The over-arching aims of the Cemetery Heritage Restoration Project are:
• That Glasnevin Cemetery, together with the GPO and Kilmainham Gaol, be a centrepiece for the commemorations and ceremonies relating to the Decade of Centenaries, and for commemorations into the future.
• To become one of Dublin’s top visitor attractions as ‘Ireland’s National Cemetery’ similar to Pére Lachaise in Paris and Arlington in Washington.
• To become a National Park with the National Botanic Gardens and adjoining linear parks along the Tolka River and the Royal Canal.
During the early years of the project, work concentrated on the cemetery’s infrastructure including: work on significant monuments and chapels, roads and pathways, trees, drainage, development of work practices to secure sunken headstones, and health and safety issues.

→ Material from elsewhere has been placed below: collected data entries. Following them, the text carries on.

lemma mconj_gm_mat_expansion:
  assumes "1 \<le> d" "unitary_mat d U" "i < d" "j < d"
  shows "mconj d U (gm_mat d g) i j = (\<Sum>h\<in>{h. gm_valid d h}. conj_coeff d U g h * gm_mat d h i j)"
proof (cases "g = GId")
  case True
  have "mconj d U (gm_mat d GId) i j = (\<Sum>k<d. madj U i k * gm_mat d GId 0 0 * U k j)"
    unfolding mconj_def mmult_def
    by (intro sum.cong refl) (simp add: gm_mat_def if_distrib[of "\<lambda>z. _ * z"] cong: if_cong)
  also have "\<dots> = gm_mat d GId 0 0 * mmult d (madj U) U i j"
    by (simp add: mmult_def sum_distrib_left ac_simps)
  also have "\<dots> = gm_mat d GId i j"
    using assms by (simp add: unitary_mat_iff mid_def gm_mat_def)
  also have "\<dots> = (\<Sum>h\<in>{h. gm_valid d h}. (if h = GId then 1 else 0) * gm_mat d h i j)"
    by (simp add: if_distrib[of "\<lambda>z. z * _"] sum.delta[OF finite_gm_valid] cong: if_cong)
      (simp add: gm_valid_def)
  finally show ?thesis
    using True by (simp add: conj_coeff_def)
next
  case False
  then show ?thesis
    using gm_expansion[OF assms(1,3,4)] by (simp add: conj_coeff_def)
qed

lemma gm_labels_eq: "gm_labels n d = {gs. set gs \<subseteq> {g. gm_valid d g} \<and> length gs = n}"
  unfolding gm_labels_def by auto

lemma finite_gm_labels: "finite (gm_labels n d)"
  unfolding gm_labels_eq by (rule finite_lists_length_eq[OF finite_gm_valid])

lemma prodop_gm_expansion:
  assumes "finite S"
  shows "prodop n (\<lambda>i p q. \<Sum>h\<in>S. F i h * gm_mat d h p q) x y
       = (\<Sum>hs\<in>{hs. set hs \<subseteq> S \<and> length hs = n}. (\<Prod>i<n. F i (hs ! i)) * gm_prod d hs x y)"
proof -
  have "prodop n (\<lambda>i p q. \<Sum>h\<in>S. F i h * gm_mat d h p q) x y
      = (\<Sum>hs\<in>{hs. set hs \<subseteq> S \<and> length hs = n}. \<Prod>i<n. F i (hs ! i) * gm_mat d (hs ! i) (x ! i) (y ! i))"
    unfolding prodop_def by (rule sum_lists_length_eq_prod[OF assms, symmetric])
  also have "\<dots> = (\<Sum>hs\<in>{hs. set hs \<subseteq> S \<and> length hs = n}. (\<Prod>i<n. F i (hs ! i)) * gm_prod d hs x y)"
    by (intro sum.cong refl) (simp add: prod.distrib gm_prod_def)
  finally show ?thesis .
qed

lemma prod_conj_coeff_eq_0:
  assumes "length gs = n" "length hs = n" "gm_degree gs < gm_degree hs"
  shows "(\<Prod>i<n. conj_coeff d (U i) (gs ! i) (hs ! i)) = 0"
proof -
  have "\<exists>i<n. gs ! i = GId \<and> hs ! i \<noteq> GId"
  proof (rule ccontr)
    assume "\<not> ?thesis"
    then have "{i. i < length hs \<and> hs ! i \<noteq> GId} \<subseteq> {i. i < length gs \<and> gs ! i \<noteq> GId}"
      using assms(1,2) by auto
    then have "gm_degree hs \<le> gm_degree gs"
      unfolding gm_degree_def by (rule card_mono[rotated]) simp
    then show False using assms(3) by simp
  qed
  then show ?thesis
    by (auto simp: conj_coeff_def prod_zero_iff)
qed

lemma op_conj_prodop_gm_prod:
  assumes "1 \<le> d" "\<And>i. i < n \<Longrightarrow> unitary_mat d (U i)"
    and "gs \<in> gm_labels n d" "gm_degree gs \<le> t" "x \<in> words n d" "y \<in> words n d"
  shows "op_conj n d (prodop n U) (gm_prod d gs) x y
       = (\<Sum>hs\<in>{hs \<in> gm_labels n d. gm_degree hs \<le> t}.
            (\<Prod>i<n. conj_coeff d (U i) (gs ! i) (hs ! i)) * gm_prod d hs x y)"
proof -
  have len: "length gs = n"
    using assms(3) by (simp add: gm_labels_def)
  have "op_conj n d (prodop n U) (gm_prod d gs) x y = prodop n (\<lambda>i. mconj d (U i) (gm_mat d (gs ! i))) x y"
    by (simp add: gm_prod_eq_prodop len op_conj_prodop)
  also have "\<dots> = prodop n (\<lambda>i p q. \<Sum>h\<in>{h. gm_valid d h}. conj_coeff d (U i) (gs ! i) h * gm_mat d h p q) x y"
    using assms(1,2,5,6) by (intro prodop_cong) (simp_all add: mconj_gm_mat_expansion)
  also have "\<dots> = (\<Sum>hs\<in>gm_labels n d. (\<Prod>i<n. conj_coeff d (U i) (gs ! i) (hs ! i)) * gm_prod d hs x y)"
    unfolding prodop_gm_expansion[OF finite_gm_valid] gm_labels_eq ..
  also have "\<dots> = (\<Sum>hs\<in>{hs \<in> gm_labels n d. gm_degree hs \<le> t}.
                    (\<Prod>i<n. conj_coeff d (U i) (gs ! i) (hs ! i)) * gm_prod d hs x y)"
  proof (intro sum.mono_neutral_right finite_gm_labels ballI)
    fix hs assume "hs \<in> gm_labels n d - {hs \<in> gm_labels n d. gm_degree hs \<le> t}"
    then have "length hs = n" "gm_degree gs < gm_degree hs"
      using assms(4) by (auto simp: gm_labels_def)
    then show "(\<Prod>i<n. conj_coeff d (U i) (gs ! i) (hs ! i)) * gm_prod d hs x y = 0"
      using len by (simp add: prod_conj_coeff_eq_0)
  qed auto
  finally show ?thesis .
qed

lemma deg_le_op_conj_prodop:
  assumes "1 \<le> d" "\<And>i. i < n \<Longrightarrow> unitary_mat d (U i)" and "deg_le n d t A"
  shows "deg_le n d t (op_conj n d (prodop n U) A)"
proof -
  let ?L = "{gs \<in> gm_labels n d. gm_degree gs \<le> t}"
  let ?E = "\<lambda>gs hs. \<Prod>i<n. conj_coeff d (U i) (gs ! i) (hs ! i)"
  obtain c where c: "op_eq n d A (\<lambda>x y. \<Sum>gs\<in>?L. c gs * gm_prod d gs x y)"
    using assms(3) unfolding deg_le_def by blast
  have "op_conj n d (prodop n U) A x y = (\<Sum>hs\<in>?L. (\<Sum>gs\<in>?L. c gs * ?E gs hs) * gm_prod d hs x y)"
    if "x \<in> words n d" "y \<in> words n d" for x y
  proof -
    have "op_conj n d (prodop n U) A x y
        = op_conj n d (prodop n U) (\<lambda>x y. \<Sum>gs\<in>?L. c gs * gm_prod d gs x y) x y"
      unfolding op_conj_def by (simp only: op_mult_op_eq_middle[OF c])
    also have "\<dots> = (\<Sum>gs\<in>?L. c gs * op_conj n d (prodop n U) (gm_prod d gs) x y)"
      unfolding op_conj_def op_mult_sum_right op_mult_sum_left ..
    also have "\<dots> = (\<Sum>gs\<in>?L. c gs * (\<Sum>hs\<in>?L. ?E gs hs * gm_prod d hs x y))"
      using assms(1,2) that by (intro sum.cong refl) (simp add: op_conj_prodop_gm_prod)
    also have "\<dots> = (\<Sum>hs\<in>?L. (\<Sum>gs\<in>?L. c gs * ?E gs hs) * gm_prod d hs x y)"
      unfolding sum_distrib_left sum_distrib_right mult.assoc by (rule sum.swap)
    finally show ?thesis .
  qed
  then show ?thesis
    unfolding deg_le_def op_eq_def by (intro exI[of _ "\<lambda>hs. \<Sum>gs\<in>?L. c gs * ?E gs hs"]) simp
qed

section \<open>Weyl operators\<close>

lemma mod_add_right_inj:
  fixes i j a d :: nat
  assumes "i < d" "j < d" "(i + a) mod d = (j + a) mod d"
  shows "i = j"
proof -
  have "i = j" if "i \<le> j" "j < d" "(i + a) mod d = (j + a) mod d" for i j
  proof -
    have "d dvd j - i"
      using that mod_eq_dvd_iff_nat[of "i + a" "j + a" d] by simp
    moreover have "j - i < d"
      using that by simp
    ultimately have "j - i = 0"
      using dvd_imp_le by (metis gr0I leD)
    then show "i = j"
      using that by simp
  qed
  from this[of i j] this[of j i] assms show ?thesis by linarith
qed

lemma sum_mod_shift:
  fixes d a :: nat and f :: "nat \<Rightarrow> 'a::comm_monoid_add"
  assumes "0 < d"
  shows "(\<Sum>k<d. f ((k + a) mod d)) = (\<Sum>k<d. f k)"
proof -
  have inj: "inj_on (\<lambda>k. (k + a) mod d) {..<d}"
  proof (rule inj_onI)
    fix x y assume "x \<in> {..<d}" "y \<in> {..<d}" "(x + a) mod d = (y + a) mod d"
    then show "x = y" by (intro mod_add_right_inj[of x d y a]) auto
  qed
  then have "(\<lambda>k. (k + a) mod d) ` {..<d} = {..<d}"
    using assms by (intro endo_inj_surj) auto
  then show ?thesis
    using sum.reindex[OF inj, of f] by simp
qed

definition weyl_phase :: "nat \<Rightarrow> nat \<Rightarrow> nat \<Rightarrow> complex" where
  "weyl_phase d b j = cis (2 * pi * real b * real j / real d)"

definition weyl_mat :: "nat \<Rightarrow> nat \<Rightarrow> nat \<Rightarrow> qmat" where
  "weyl_mat d a b i j = (if i = (j + a) mod d then weyl_phase d b j else 0)"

The restoration of the O'Connell Tower was completed in 2018, allowing visitors the climb the iconic monument for the first time in over 45 years, and remains a signature attraction at Glasnevin Cemetery. The fascinating tale of the tower – its history, bombing and eventual return to glory is explored here.
Significant progress has been made on the three original aims of the project, including the approximately 60 acres of a total 124 acres in Glasnevin that have been restored and re-landscaped. However, works need to continue and expand to ensure that a site so steeped in history can be accessible and appreciated by the general public for many decades into the future.
Dublin Cemeteries Trust are committed to an ongoing programme of restoration including:
• Completion of restoration works on the grounds (including monuments) in Glasnevin and Goldenbridge
• The restoration of the Church of the Resurrection.
• The restoration of the watch towers, walls and railings.